Генри соединил свой «Автопортрет» [Черная весна] с книгой сновидений. Он пишет ужасно много, но все это приходится разрывать на части и по кусочкам раскладывать по нужным местам. Он приводит в замешательство критиков, философов, романистов, исповедников, поэтов, репортеров, ученых и комментаторов. В его фрагментах всегда присутствует огромный творческий синтез, стремление к единению. Его сочинения, хаотичные, пестрые, неровные, подобны потоку, который в некоторых местах приходится сдерживать, иначе он выйдет из берегов, разольется, затопит его самого. И хотя кажется, что он сам уступает, он оказывается смытым, затопленным собственной впечатлительностью, откликаемостью, несдержанностью. Но потом он из этого выпутывается. Если он ревнует, то может становиться жестоким; если же уверен в себе, то становится гуманным.

Он пребывал в ностальгическом настроении, вспоминал свою жизнь с Джун и с первой женой. От исполнявшейся по радио музыки он разрыдался. «Вся литература на свете не восполняет человеку трагедии его жизни, его борьбы. Перед ними литература бледнеет». Он вспоминал о своих больших уступках сексу, о том, как он всегда разрывался между сексуальной жаждой какой-нибудь женщины и одновременной ненавистью к ней из-за ее несовершенства, ограниченности. «Это унизительный отказ от собственной цельности, ужасное, навязчивое неудовлетворение…»

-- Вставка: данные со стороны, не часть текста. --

lemma K_fun_diff_eq_sum:
  fixes m :: nat
  assumes "0 < \<alpha>" "0 < \<nu>"
  defines "h \<equiv> 1 / 2 ^ (2 * \<nu> * m + 1) :: real"
  shows "K_fun \<alpha> \<nu> (x + h) - K_fun \<alpha> \<nu> x = (\<Sum>k<Suc m. K_term \<alpha> \<nu> k (x + h) - K_term \<alpha> \<nu> k x)"
proof -
  have "K_fun \<alpha> \<nu> (x + h) - K_fun \<alpha> \<nu> x = (\<Sum>k. K_term \<alpha> \<nu> k (x + h) - K_term \<alpha> \<nu> k x)"
    unfolding K_fun_eq_suminf using summable_K_term[OF assms(1,2)] by (intro suminf_diff)
  also have "\<dots> = (\<Sum>k<Suc m. K_term \<alpha> \<nu> k (x + h) - K_term \<alpha> \<nu> k x)"
  proof (rule suminf_finite)
    fix k assume "k \<notin> {..<Suc m}"
    then have "2 * \<nu> * Suc m \<le> 2 * \<nu> * k"
      by (intro mult_le_mono2) simp
    then have "2 * \<nu> * m + 2 \<le> 2 * \<nu> * k"
      using assms(2) by simp
    then obtain d where "2 * \<nu> * k = (2 * \<nu> * m + 1) + 1 + d"
      by (metis add.assoc le_Suc_ex one_add_one)
    then have "(2::real) ^ (2 * \<nu> * k) = 2 ^ (2 * \<nu> * m + 1) * (2 * 2 ^ d)"
      by (simp add: power_add)
    then have "2 ^ (2 * \<nu> * k) * h = 2 * real_of_int (2 ^ d)"
      by (simp add: h_def)
    then show "K_term \<alpha> \<nu> k (x + h) - K_term \<alpha> \<nu> k x = 0"
      by (rule K_term_diff_eq_0)
  qed simp
  finally show ?thesis .
qed

lemma power_diff_geometric_sum_ge:
  fixes c :: real
  assumes "2 < c"
  shows "(c - 2) / (c - 1) * c ^ m \<le> c ^ m - (\<Sum>k<m. c ^ k)"
proof (rule mult_left_le_imp_le)
  show "0 < c - 1"
    using assms by simp
  have "(c - 1) * ((c - 2) / (c - 1) * c ^ m) = (c - 2) * c ^ m"
    using assms by simp
  also have "\<dots> \<le> (c - 1) * c ^ m - (c ^ m - 1)"
    by (simp add: algebra_simps)
  also have "\<dots> = (c - 1) * (c ^ m - (\<Sum>k<m. c ^ k))"
    by (simp add: power_diff_1_eq right_diff_distrib)
  finally show "(c - 1) * ((c - 2) / (c - 1) * c ^ m) \<le> (c - 1) * (c ^ m - (\<Sum>k<m. c ^ k))" .
qed

lemma K_fun_diff_quotient_ge:
  fixes m :: nat and j :: int
  assumes "0 < \<alpha>" "0 < \<nu>"
    and x: "real_of_int j * (1 / 2 ^ (2 * \<nu> * m)) \<le> x" "x \<le> (real_of_int j + 1/2) * (1 / 2 ^ (2 * \<nu> * m))"
  defines "h \<equiv> 1 / 2 ^ (2 * \<nu> * m + 1) :: real"
  shows "K_ratio \<alpha> \<nu> ^ m - (\<Sum>k<m. K_ratio \<alpha> \<nu> ^ k) \<le> \<bar>(K_fun \<alpha> \<nu> (x + h) - K_fun \<alpha> \<nu> x) / h\<bar>"
proof -
  let ?c = "K_ratio \<alpha> \<nu>" and ?D = "\<lambda>k. K_term \<alpha> \<nu> k (x + h) - K_term \<alpha> \<nu> k x"
  have "0 < h"
    by (simp add: h_def)
  have "real_of_int j \<le> 2 ^ (2 * \<nu> * m) * x" "2 ^ (2 * \<nu> * m) * x \<le> real_of_int j + 1/2"
    using x by (simp_all add: field_simps)
  moreover have "2 ^ (2 * \<nu> * m) * h = 1/2"
    by (simp add: h_def)
  ultimately have top: "\<bar>?D m\<bar> = ?c ^ m * h"
    by (rule K_term_half_step)
  have "\<bar>\<Sum>k<m. ?D k\<bar> \<le> (\<Sum>k<m. \<bar>?D k\<bar>)"
    by (rule sum_abs)
  also have "\<dots> \<le> (\<Sum>k<m. ?c ^ k * h)"
    using K_term_diff_le \<open>0 < h\<close> by (intro sum_mono) (metis abs_of_pos)
  finally have low: "\<bar>\<Sum>k<m. ?D k\<bar> \<le> (\<Sum>k<m. ?c ^ k) * h"
    by (simp add: sum_distrib_right)
  have "K_fun \<alpha> \<nu> (x + h) - K_fun \<alpha> \<nu> x = (\<Sum>k<Suc m. ?D k)"
    unfolding h_def by (rule K_fun_diff_eq_sum[OF assms(1,2)])
  then have "K_fun \<alpha> \<nu> (x + h) - K_fun \<alpha> \<nu> x = (\<Sum>k<m. ?D k) + ?D m"
    by simp
  then have "(?c ^ m - (\<Sum>k<m. ?c ^ k)) * h \<le> \<bar>K_fun \<alpha> \<nu> (x + h) - K_fun \<alpha> \<nu> x\<bar>"
    using top low by (simp add: left_diff_distrib)
  then show ?thesis
    using \<open>0 < h\<close> by (simp add: pos_le_divide_eq)
qed

lemma K_ratio_gt_2:
  assumes "\<alpha> < 1" "1 / (1 - \<alpha>) < 2 * real \<nu>"
  shows "2 < K_ratio \<alpha> \<nu>"
proof -
  have "2 powr 1 < 2 powr (2 * real \<nu> * (1 - \<alpha>))"
    using assms by (intro powr_less_mono) (simp_all add: field_simps)
  then show ?thesis
    by (simp add: K_ratio_def)
qed

lemma K_const_nonneg: "2 < K_ratio \<alpha> \<nu> \<Longrightarrow> 0 \<le> K_const m \<nu> \<alpha>"
  unfolding K_const_def K_ratio_def[symmetric] by (intro mult_nonneg_nonneg divide_nonneg_nonneg) auto

lemma continuous_on_K_fun_diff:
  assumes "0 < \<alpha>" "0 < \<nu>"
  shows "continuous_on S (\<lambda>x. K_fun \<alpha> \<nu> (x + 1 / 2 ^ (2 * \<nu> * m + 1)) - K_fun \<alpha> \<nu> x)"
  by (simp only: K_fun_diff_eq_sum[OF assms]) (intro continuous_intros)

theorem proposition1:
  fixes \<alpha> M :: real and \<nu> m :: nat
  assumes "0 < \<alpha>" "\<alpha> < 1"
    and "2 * real \<nu> > 1 / (1 - \<alpha>)"
    and "M \<ge> 1"
  shows "1 / (2 * M) * integral {-M..M}
           (\<lambda>x. \<bar>(K_fun \<alpha> \<nu> (x + 1 / 2 ^ (2 * \<nu> * m + 1)) - K_fun \<alpha> \<nu> x)
                  / (1 / 2 ^ (2 * \<nu> * m + 1))\<bar>)
         \<ge> 1 / 4 * K_const m \<nu> \<alpha>"
proof -
  define f where "f x = \<bar>(K_fun \<alpha> \<nu> (x + 1 / 2 ^ (2 * \<nu> * m + 1)) - K_fun \<alpha> \<nu> x)
    / (1 / 2 ^ (2 * \<nu> * m + 1))\<bar>" for x
  have ratio: "2 < K_ratio \<alpha> \<nu>"
    using assms(2,3) by (rule K_ratio_gt_2)
  then have "0 < \<nu>"
    by (cases \<nu>) (simp_all add: K_ratio_def)
  have "f integrable_on {a..b}" for a b
    unfolding f_def by (intro integrable_continuous_interval continuous_on_rabs continuous_on_divide
        continuous_on_K_fun_diff[OF assms(1) \<open>0 < \<nu>\<close>] continuous_on_const) auto
  moreover have "K_const m \<nu> \<alpha> \<le> f x"
    if "real_of_int j * (1 / 2 ^ (2 * \<nu> * m)) \<le> x" "x \<le> (real_of_int j + 1/2) * (1 / 2 ^ (2 * \<nu> * m))" for j x
    using power_diff_geometric_sum_ge[OF ratio, of m] K_fun_diff_quotient_ge[OF assms(1) \<open>0 < \<nu>\<close> that]
    by (simp add: K_const_def K_ratio_def[symmetric] f_def)
  moreover have "1 / 2 ^ (2 * \<nu> * m) \<le> M"
    using assms(4) by (simp add: order_trans[of _ 1])
  ultimately have "K_const m \<nu> \<alpha> * M / 2 \<le> integral {-M..M} f"
    using K_const_nonneg[OF ratio] by (intro integral_symmetric_ge_half_periods) (auto simp: f_def)
  then show ?thesis
    using assms(4) by (simp add: f_def[abs_def] field_simps)
qed

end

Когда Генри создает безумные страницы, это безумие, вызванное жизнью, а не отсутствием жизни. Безумие сюрреалистов, Бретона и transition происходит в пустоте; напротив, у Генри безумие вызывается абсурдностью, иронией, болью непомерно дорогой, переполненной жизни. Его жизнь завершается не процессом кристаллизации, а фантастической спиралью экстаза, движениями вечно вращающейся вершины.

Когда я встретилась с Арто, он стоял величественно и гордо, с глазами безумными от радости, с глазами фанатика, сумасшедшего. На лице его было торжество, вспышка молнии радости и гордости от того, что я пришла. Тяжеловесность, оцепенение, странный деспотизм его движений. Его руки только парят надо мной, над моими плечами, но я ощущаю их притягательную тяжесть.

Я пришла одетая в черное, красное и стальное, как рыцарь в доспехах, чтобы защищаться против посяганий. Его комната пуста, как монашеская келья. Кровать, стол, стул. Я рассматриваю фотографии, на которых изображено его удивительное лицо, меняющееся лицо актера, горестное, мрачное, но иногда озаряющееся духовным экстазом. Он — выходец из средневековья, такой напряженный, такой мрачный. Он — Савонарола, сжигающий языческие книги, сжигающий наслаждения. Юмор его — почти сатанинский, в нем нет чистой радости, только дьявольское веселье. В его присутствии чувствуется сила, он являет собой напряженность с языками белого пламени. В его движениях присутствуют запрограммированность, сила, неистовость, жар, который испариной выступает у него на лице.